### INSTRUCTIONS FOR THE TASK
The material below holds a span beginning at the line with "0 \<longleftrightarrow> a" and ending at the line with "by (simp add: zero_prod_def)". Quote that span exactly, both ends included, and only that span.

### DATA

(* Let $u_1=(1,0)$, $u_2=(0,1)$, $u_3=(1,1)$ in $\mathbb{Z}^2$, $S=\{\pm u_1,\pm u_2,\pm u_3\}$, and $\mathcal{P}=\{P_\alpha\}_{\alpha\in S}$ on $\mathbb{C}^6$ with $P_{u_i}=P_{2i-1}$, $P_{-u_i}=P_{2i}$ ($i=1,2,3$). Then $U(S,\mathcal{P},G_6)$ acting on $\ell^2(\mathbb{Z}^2,\mathbb{C}^6)$ has both $1$ and $-1$ as eigenvalues.
   Context: $P_j$ is the orthogonal projection of $\mathbb{C}^6$ onto $\mathbb{C}\mathbf{e}_j$, $\mathbf{e}_j$ the standard basis. $(\tau^\alpha f)(x)=f(x-\alpha)$, $U(S,\mathcal{P},C)=\big(\sum_{\alpha\in S}\tau^\alpha P_\alpha\big)C$ with $C$ acting pointwise. $G_6=\frac26J-I$, $J$ the $6\times6$ all-ones matrix. Eigenvalue means point spectrum. *)

theory Defs
  imports "HOL-Analysis.Analysis"
begin

definition l2 :: "(int \<times> int \<Rightarrow> complex^6) \<Rightarrow> bool" where
  "l2 f \<longleftrightarrow> (\<lambda>x. (norm (f x))\<^sup>2) summable_on UNIV"

definition shift :: "int \<times> int \<Rightarrow> (int \<times> int \<Rightarrow> 'a) \<Rightarrow> (int \<times> int \<Rightarrow> 'a)" where
  "shift \<alpha> f = (\<lambda>x. f (x - \<alpha>))"

definition projP :: "6 \<Rightarrow> complex^6^6" where
  "projP j = (\<chi> a b. if a = j \<and> b = j then 1 else 0)"

definition Uop :: "(int \<times> int) set \<Rightarrow> (int \<times> int \<Rightarrow> complex^6^6) \<Rightarrow> complex^6^6
    \<Rightarrow> (int \<times> int \<Rightarrow> complex^6) \<Rightarrow> (int \<times> int \<Rightarrow> complex^6)" where
  "Uop S P C f = (\<lambda>x. \<Sum>\<alpha>\<in>S. shift \<alpha> (\<lambda>y. P \<alpha> *v (C *v f y)) x)"

definition G6 :: "complex^6^6" where
  "G6 = (\<chi> a b. 2/6) - mat 1"

definition is_eigenvalue :: "((int \<times> int \<Rightarrow> complex^6) \<Rightarrow> (int \<times> int \<Rightarrow> complex^6)) \<Rightarrow> complex \<Rightarrow> bool" where
  "is_eigenvalue T c \<longleftrightarrow> (\<exists>f. l2 f \<and> f \<noteq> (\<lambda>x. 0) \<and> T f = (\<lambda>x. c *s f x))"

definition u1 :: "int \<times> int" where "u1 = (1, 0)"
definition u2 :: "int \<times> int" where "u2 = (0, 1)"
definition u3 :: "int \<times> int" where "u3 = (1, 1)"

definition S6 :: "(int \<times> int) set" where
  "S6 = {u1, -u1, u2, -u2, u3, -u3}"

text \<open>P_{u_i} = P_{2i-1}, P_{-u_i} = P_{2i}; components of 6 are indexed 1..6 (6 = 0 in the numeral type).\<close>
definition Pfam :: "int \<times> int \<Rightarrow> complex^6^6" where
  "Pfam \<alpha> = (if \<alpha> = u1 then projP 1 else if \<alpha> = -u1 then projP 2
     else if \<alpha> = u2 then projP 3 else if \<alpha> = -u2 then projP 4
     else if \<alpha> = u3 then projP 5 else if \<alpha> = -u3 then projP 6 else 0)"

end

theory Submission
  imports Defs
begin

text \<open>Since each \<open>P\<^sub>\<alpha>\<close> projects onto a single coordinate, the \<open>j\<close>-th coordinate of \<open>U f\<close> at \<open>y\<close>
  is the \<open>j\<close>-th coordinate of \<open>G\<^sub>6 f(y - d\<^sub>j)\<close>, where \<open>d\<^sub>j\<close> is the direction \<open>\<alpha>\<close> with \<open>P\<^sub>\<alpha> = P\<^sub>j\<close>.
  So \<open>f(y)\<^sub>j\<close> can be read as an amplitude on the directed edge from \<open>y - d\<^sub>j\<close> to \<open>y\<close> of the
  triangular lattice, and \<open>G\<^sub>6\<close> scatters the amplitudes arriving at a vertex. Eigenvectors for \<open>\<plusminus>1\<close>
  can then be supported on the edges inside the hexagon formed by the origin and its six neighbours:
  all amplitudes \<open>1\<close> for the eigenvalue \<open>1\<close>, and signs alternating around the hexagon for the
  eigenvalue \<open>-1\<close>. Both are finitely supported, so the eigen-equation becomes a finite check.\<close>

lemma exhaust_6:
  fixes x :: 6
  obtains "x = 1" | "x = 2" | "x = 3" | "x = 4" | "x = 5" | "x = 6"
proof (induct x)
  case (of_int z)
  then have "z = 0 \<or> z = 1 \<or> z = 2 \<or> z = 3 \<or> z = 4 \<or> z = 5" by fastforce
  then show ?case using of_int by auto
qed

lemma UNIV_6: "(UNIV :: 6 set) = {1, 2, 3, 4, 5, 6}"
proof -
  have "x \<in> {1, 2, 3, 4, 5, 6}" for x :: 6
    by (cases x rule: exhaust_6) auto
  then show ?thesis by blast
qed

lemma sum_UNIV_6: "sum f (UNIV :: 6 set) = f 1 + f 2 + f 3 + f 4 + f 5 + f 6"
  unfolding UNIV_6 by (simp add: add.assoc)

lemma projP_mult_component: "(projP i *v w) $ j = (if i = j then w $ j else 0)"
proof -
  have "projP i $ j $ k * w $ k = (if k = j then (if i = j then w $ j else 0) else 0)" for k
    by (simp add: projP_def)
  then show ?thesis
    by (simp add: matrix_vector_mult_def)
qed

lemma Uop_projections_component:
  fixes d :: "6 \<Rightarrow> int \<times> int"
  assumes "inj d" and "\<And>k. P (d k) = projP k"
  shows "Uop (range d) P C f x $ j = (C *v f (x - d j)) $ j"
proof -
  have "Uop (range d) P C f x = (\<Sum>k\<in>UNIV. projP k *v (C *v f (x - d k)))"
    using assms by (simp add: Uop_def shift_def sum.reindex)
  then show ?thesis
    by (simp add: projP_mult_component)
qed

lemma G6_mult_component: "(G6 *v v) $ j = (\<Sum>k\<in>UNIV. v $ k) / 3 - v $ j"
proof -
  have "(G6 *v v) $ j = (\<Sum>k\<in>UNIV. v $ k / 3 - (if k = j then v $ j else 0))"
    unfolding G6_def matrix_vector_mult_def mat_def by (auto intro!: sum.cong)
  then show ?thesis
    by (simp add: sum_subtractf sum_divide_distrib)
qed

definition dv :: "6 \<Rightarrow> int \<times> int" where
  "dv k = (if k = 1 then u1 else if k = 2 then -u1 else if k = 3 then u2 else if k = 4 then -u2
     else if k = 5 then u3 else -u3)"

lemma dv_simps [simp]:
  "dv 1 = (1, 0)" "dv 2 = (-1, 0)" "dv 3 = (0, 1)" "dv 4 = (0, -1)" "dv 5 = (1, 1)" "dv 6 = (-1, -1)"
  by (simp_all add: dv_def u1_def u2_def u3_def)

lemma range_dv: "range dv = S6"
  by (simp add: UNIV_6 S6_def u1_def u2_def u3_def)

lemma inj_dv: "inj dv"
  unfolding inj_def by (intro allI; case_tac x rule: exhaust_6; case_tac y rule: exhaust_6) simp_all

lemma Pfam_dv: "Pfam (dv k) = projP k"
  by (cases k rule: exhaust_6) (simp_all add: Pfam_def u1_def u2_def u3_def)

lemma Uop_S6_component: "Uop S6 Pfam G6 f x $ j = (\<Sum>k\<in>UNIV. f (x - dv j) $ k) / 3 - f (x - dv j) $ j"
  using Uop_projections_component[OF inj_dv Pfam_dv]
  by (simp add: range_dv G6_mult_component)

lemma l2_if_finite_support: "finite {x. f x \<noteq> 0} \<Longrightarrow> l2 f"
  unfolding l2_def by (rule finite_nonzero_values_imp_summable_on) simp

definition hexagon :: "(int \<times> int) set" where
  "hexagon = insert 0 S6"

text \<open>\<open>hexagon_edge y j\<close> says that the edge from \<open>y - dv j\<close> to \<open>y\<close>, which carries the amplitude
  \<open>f y $ j\<close>, lies inside the hexagon.\<close>

definition hexagon_edge :: "int \<times> int \<Rightarrow> 6 \<Rightarrow> bool" where
  "hexagon_edge y j \<longleftrightarrow> y \<in> hexagon \<and> y - dv j \<in> hexagon"

text \<open>In the cyclic order \<open>u\<^sub>1, u\<^sub>3, u\<^sub>2, -u\<^sub>1, -u\<^sub>3, -u\<^sub>2\<close> of the neighbours of the origin this sign
  alternates.\<close>

definition hexagon_sign :: "int \<times> int \<Rightarrow> complex" where
  "hexagon_sign \<alpha> = (if \<alpha> \<in> {u1, u2, -u3} then -1 else 1)"

definition eigvec_one :: "int \<times> int \<Rightarrow> complex^6" where
  "eigvec_one y = (\<chi> j. if hexagon_edge y j then 1 else 0)"

text \<open>An edge ending at a neighbour carries the sign of that neighbour; an edge from \<open>-dv j\<close> into the
  origin carries the sign of the opposite neighbour \<open>dv j\<close>.\<close>

definition eigvec_minus_one :: "int \<times> int \<Rightarrow> complex^6" where
  "eigvec_minus_one y =
    (\<chi> j. if hexagon_edge y j then hexagon_sign (if y = 0 then dv j else y) else 0)"

lemma hexagon_eq: "hexagon = {0, (1, 0), (-1, 0), (0, 1), (0, -1), (1, 1), (-1, -1)}"
  by (simp add: hexagon_def S6_def u1_def u2_def u3_def)

lemma zero_in_hexagon: "0 \<in> hexagon"
  by (simp add: hexagon_def)

lemma Pair_eq_zero_iff: "(a, b) = 0 \<longleftrightarrow> a = 0 \<and> b = 0"
  by (simp add: zero_prod_def)

lemma mem_hexagon_iff: "(a, b) \<in> hexagon \<longleftrightarrow> \<bar>a\<bar> \<le> 1 \<and> \<bar>b\<bar> \<le> 1 \<and> \<bar>a - b\<bar> \<le> 1"
proof
  assume "(a, b) \<in> hexagon"
  then show "\<bar>a\<bar> \<le> 1 \<and> \<bar>b\<bar> \<le> 1 \<and> \<bar>a - b\<bar> \<le> 1"
    by (auto simp: hexagon_eq Pair_eq_zero_iff)
next
  assume bounds: "\<bar>a\<bar> \<le> 1 \<and> \<bar>b\<bar> \<le> 1 \<and> \<bar>a - b\<bar> \<le> 1"
  then have "a \<in> {-1, 0, 1}" and "b \<in> {-1, 0, 1}"
    by auto
  then show "(a, b) \<in> hexagon"
    using bounds by (elim insertE emptyE) (simp_all add: hexagon_eq Pair_eq_zero_iff)
qed

lemma hexagon_sign_Pair:
  "hexagon_sign (a, b) = (if (a, b) \<in> {(1, 0), (0, 1), (-1, -1)} then -1 else 1)"
  by (simp add: hexagon_sign_def u1_def u2_def u3_def)

text \<open>Outside the hexagon both sides of the eigen-equation vanish, so only the seven vertices
  \<open>z = y - dv j\<close> of the hexagon have to be checked.\<close>

lemma is_eigenvalue_if_hexagon_equation:
  fixes f :: "int \<times> int \<Rightarrow> complex^6"
  assumes edge_support: "\<And>z k. \<not> hexagon_edge z k \<Longrightarrow> f z $ k = 0"
    and on_hexagon: "\<And>z j. z \<in> hexagon \<Longrightarrow>
      (\<Sum>k\<in>UNIV. f z $ k) / 3 - f z $ j = c * f (z + dv j) $ j"
    and "f 0 \<noteq> 0"
  shows "is_eigenvalue (Uop S6 Pfam G6) c"
  unfolding is_eigenvalue_def
proof (intro exI conjI)
  have support: "f z = 0" if "z \<notin> hexagon" for z
    using that edge_support by (simp add: hexagon_edge_def vec_eq_iff)
  have eigen_equation: "(\<Sum>k\<in>UNIV. f (y - dv j) $ k) / 3 - f (y - dv j) $ j = c * f y $ j" for y j
  proof (cases "y - dv j \<in> hexagon")
    case True
    then show ?thesis
      using on_hexagon[of "y - dv j" j] by simp
  next
    case False
    then show ?thesis
      using support edge_support[of y j] by (simp add: hexagon_edge_def)
  qed
  have "{z. f z \<noteq> 0} \<subseteq> hexagon"
    using support by blast
  then show "l2 f"
    by (intro l2_if_finite_support) (auto intro: finite_subset simp: hexagon_eq)
  show "f \<noteq> (\<lambda>z. 0)"
    using \<open>f 0 \<noteq> 0\<close> by auto
  show "Uop S6 Pfam G6 f = (\<lambda>y. c *s f y)"
    using eigen_equation by (simp add: fun_eq_iff vec_eq_iff Uop_S6_component)
qed

lemma eigvec_one_on_hexagon:
  assumes "z \<in> hexagon"
  shows "(\<Sum>k\<in>UNIV. eigvec_one z $ k) / 3 - eigvec_one z $ j = 1 * eigvec_one (z + dv j) $ j"
  using assms unfolding hexagon_eq
  by (cases j rule: exhaust_6; elim insertE emptyE;
      simp add: eigvec_one_def hexagon_edge_def mem_hexagon_iff zero_in_hexagon sum_UNIV_6)

lemma eigvec_minus_one_on_hexagon:
  assumes "z \<in> hexagon"
  shows "(\<Sum>k\<in>UNIV. eigvec_minus_one z $ k) / 3 - eigvec_minus_one z $ j
    = -1 * eigvec_minus_one (z + dv j) $ j"
  using assms unfolding hexagon_eq
  by (cases j rule: exhaust_6; elim insertE emptyE;
      simp add: eigvec_minus_one_def hexagon_edge_def mem_hexagon_iff zero_in_hexagon
        hexagon_sign_Pair Pair_eq_zero_iff sum_UNIV_6)

lemma eigvec_one_edge_support: "\<not> hexagon_edge z k \<Longrightarrow> eigvec_one z $ k = 0"
  by (simp add: eigvec_one_def)

lemma eigvec_minus_one_edge_support: "\<not> hexagon_edge z k \<Longrightarrow> eigvec_minus_one z $ k = 0"
  by (simp add: eigvec_minus_one_def)

lemma hexagon_edge_zero_one: "hexagon_edge 0 1"
  by (simp add: hexagon_edge_def zero_in_hexagon mem_hexagon_iff)

lemma eigvec_one_nonzero: "eigvec_one 0 \<noteq> 0"
  using hexagon_edge_zero_one by (auto simp: eigvec_one_def vec_eq_iff)

lemma eigvec_minus_one_nonzero: "eigvec_minus_one 0 \<noteq> 0"
  using hexagon_edge_zero_one by (auto simp: eigvec_minus_one_def hexagon_sign_def u1_def vec_eq_iff)

theorem corollary4p2:
  shows "is_eigenvalue (Uop S6 Pfam G6) 1 \<and> is_eigenvalue (Uop S6 Pfam G6) (-1)"
  using is_eigenvalue_if_hexagon_equation
      [OF eigvec_one_edge_support eigvec_one_on_hexagon eigvec_one_nonzero]
    is_eigenvalue_if_hexagon_equation
      [OF eigvec_minus_one_edge_support eigvec_minus_one_on_hexagon eigvec_minus_one_nonzero]
  by blast

end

### ANSWER SECTION
lemma Pair_eq_zero_iff: "(a, b) = 0 \<longleftrightarrow> a = 0 \<and> b = 0"
  by (simp add: zero_prod_def)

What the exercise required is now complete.